Exhibit A
ARTICLE II-A
Mandatorily Convertible Cumulative Perpetual Preferred Stock, Series B
Section 1. Designation. There is hereby created out of the authorized and unissued shares of preferred stock of the Corporation a series of preferred stock designated as the “Mandatorily Convertible Cumulative Perpetual Preferred Stock, Series B”, par value $50.00 per share (the “Series B Preferred Stock”).
Section 2. Number of Shares. The total number of authorized shares of Series B Preferred Stock shall be 30,000 shares, which may from time to time be increased or decreased (but not below the number then outstanding) by the Corporation’s Board of Directors.
Section 3. Definitions. As used herein, the following terms shall have the meanings specified below:
“Affiliate” means, with respect to any Person, any other Person that, directly or indirectly through one or more intermediaries, Controls, is controlled by or is under common control with such Person, as such terms are used in and construed under Rule 405 under the Securities Act of 1933, as amended.
“Average VWAP” means the average of the VWAP for each Trading Day in the relevant period.
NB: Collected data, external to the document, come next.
lemma linearization_error_le:
  fixes f :: "'a::real_inner \<Rightarrow> real"
  assumes deriv: "\<And>x. x \<in> closed_segment a b \<Longrightarrow> (f has_derivative (\<lambda>v. g x \<bullet> v)) (at x)"
    and bound: "\<And>x. x \<in> closed_segment a b \<Longrightarrow> norm (g x - c) \<le> B"
  shows "\<bar>f a - f b - c \<bullet> (a - b)\<bar> \<le> B * norm (a - b)"
proof -
  have "((\<lambda>x. f x - c \<bullet> x) has_derivative (\<lambda>v. (g x - c) \<bullet> v)) (at x within closed_segment a b)"
    if "x \<in> closed_segment a b" for x
    unfolding inner_diff_left
    by (rule has_derivative_at_withinI)
      (intro has_derivative_diff deriv[OF that] has_derivative_inner_right has_derivative_ident)
  moreover have "onorm (\<lambda>v. (g x - c) \<bullet> v) \<le> B" if "x \<in> closed_segment a b" for x
    using onorm_inner_le bound[OF that] by (rule order_trans)
  ultimately have "norm ((f a - c \<bullet> a) - (f b - c \<bullet> b)) \<le> B * norm (a - b)"
    by (intro differentiable_bound[OF convex_closed_segment]) auto
  then show ?thesis
    by (simp add: inner_diff_right algebra_simps)
qed
lemma bar_conc_top_hom:
  "a \<in> topologies \<Longrightarrow> b \<in> topologies \<Longrightarrow>
    bar_top (conc_top a b) = conc_top (bar_top a) (bar_top b) \<and> cdef (conc_top a b) = cdef a + cdef b"
  using bar_conc_top[of "fst a" "snd a" "fst b" "snd b"] topologiesD by (cases a, cases b) auto

lemma bar_down_top_hom:
  "a \<in> topologies \<Longrightarrow> b \<in> topologies \<Longrightarrow>
    bar_top (down_top a b) = down_top (bar_top a) (bar_top b) \<and> cdef (down_top a b) = cdef a + cdef b"
  using bar_down_top[of "fst a" "snd a" "fst b" "snd b"] topologiesD by (cases a, cases b) auto

lemma coprod_theta:
  fixes q :: "'k::field"
  assumes x: "x \<in> H_T"
  shows "coprod (theta q x) = theta2 q (coprod x)"
proof -
  have "coprod (theta q x)
      = (\<Sum>a\<in>Poly_Mapping.keys x. coprod_basis (bar_top a) (Poly_Mapping.lookup x a * q ^ cdef a))"
    unfolding coprod_eq_lin_ext theta_def lin_ext_sum[OF coeff_additive_coprod_basis]
      lin_ext_single[OF coeff_additive_coprod_basis] ..
  also have "\<dots> = (\<Sum>a\<in>Poly_Mapping.keys x. theta2 q (coprod_basis a (Poly_Mapping.lookup x a)))"
    using x by (intro sum.cong refl coprod_basis_bar_top) (auto simp: H_T_def)
  also have "\<dots> = theta2 q (coprod x)"
    unfolding coprod_eq_lin_ext lin_ext_def[of coprod_basis x] theta2_eq_lin_ext
      lin_ext_sum[OF coeff_additive_single_scaled] ..
  finally show ?thesis .
qed

theorem proposition8:
  fixes q :: "'k::field"
  shows "(\<forall>x \<in> H_T. theta q x \<in> H_SP)
    \<and> theta q ` H_T = (H_SP :: (topo \<Rightarrow>\<^sub>0 'k) set)
    \<and> theta q one_T = one_T
    \<and> (\<forall>x \<in> H_T. \<forall>y \<in> H_T. theta q (conc_prod x y) = conc_prod (theta q x) (theta q y))
    \<and> (\<forall>x \<in> H_T. \<forall>y \<in> H_T. theta q (down_prod x y) = down_prod (theta q x) (theta q y))
    \<and> (\<forall>x \<in> H_T. coprod (theta q x) = theta2 q (coprod x))"
proof (intro conjI ballI)
  show "theta q x \<in> H_SP" if "x \<in> H_T" for x
    using theta_in_H_SP[OF that] .
  have "x \<in> theta q ` H_T" if "x \<in> H_SP" for x :: "topo \<Rightarrow>\<^sub>0 'k"
    by (rule rev_image_eqI[where f = "theta q", OF subsetD[OF H_SP_subset_H_T that] theta_H_SP[OF that, symmetric]])
  then show "theta q ` H_T = (H_SP :: (topo \<Rightarrow>\<^sub>0 'k) set)"
    using theta_in_H_SP by auto
  show "theta q one_T = one_T"
    by (rule theta_H_SP[OF one_T_in_H_SP])
  show "theta q (conc_prod x y) = conc_prod (theta q x) (theta q y)" if "x \<in> H_T" "y \<in> H_T" for x y
    unfolding conc_prod_def by (rule theta_bilin[OF bar_conc_top_hom that])
  show "theta q (down_prod x y) = down_prod (theta q x) (theta q y)" if "x \<in> H_T" "y \<in> H_T" for x y
    unfolding down_prod_def by (rule theta_bilin[OF bar_down_top_hom that])
  show "coprod (theta q x) = theta2 q (coprod x)" if "x \<in> H_T" for x
    by (rule coprod_theta[OF that])
qed

end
“Board” or “Board of Directors” means the Corporation’s board of directors or, with respect to any action to be taken by such board of directors, any committee of the board of directors duly authorized to take such action.
“Business Day” means any day, other than a Saturday or a Sunday, that is neither a legal holiday nor a day on which banking institutions in New York, New York are authorized or required by law, regulation or executive order to close.
“Common Stock” means the common stock, no par value per share, of the Corporation.
“Control” means the possession, direct or indirect, of the power to direct or cause the direction of the management and policies of a Person, whether through the ownership of voting securities, by contract or otherwise.
“Conversion” means a Mandatory Conversion.
“Conversion Date” has the meaning set forth in Section 5(a).
“Conversion Rate” means, initially, 4,000 shares of Common Stock per share of Series B Preferred Stock issuable upon Conversion, based on an initial Conversion Price of $2.50 per share of Common Stock, and is subject to adjustment as provided herein.
“Conversion Price” means the Liquidation Amount per share of Series B Preferred Stock divided by the Conversion Rate then in effect. The initial Conversion Price is $2.50.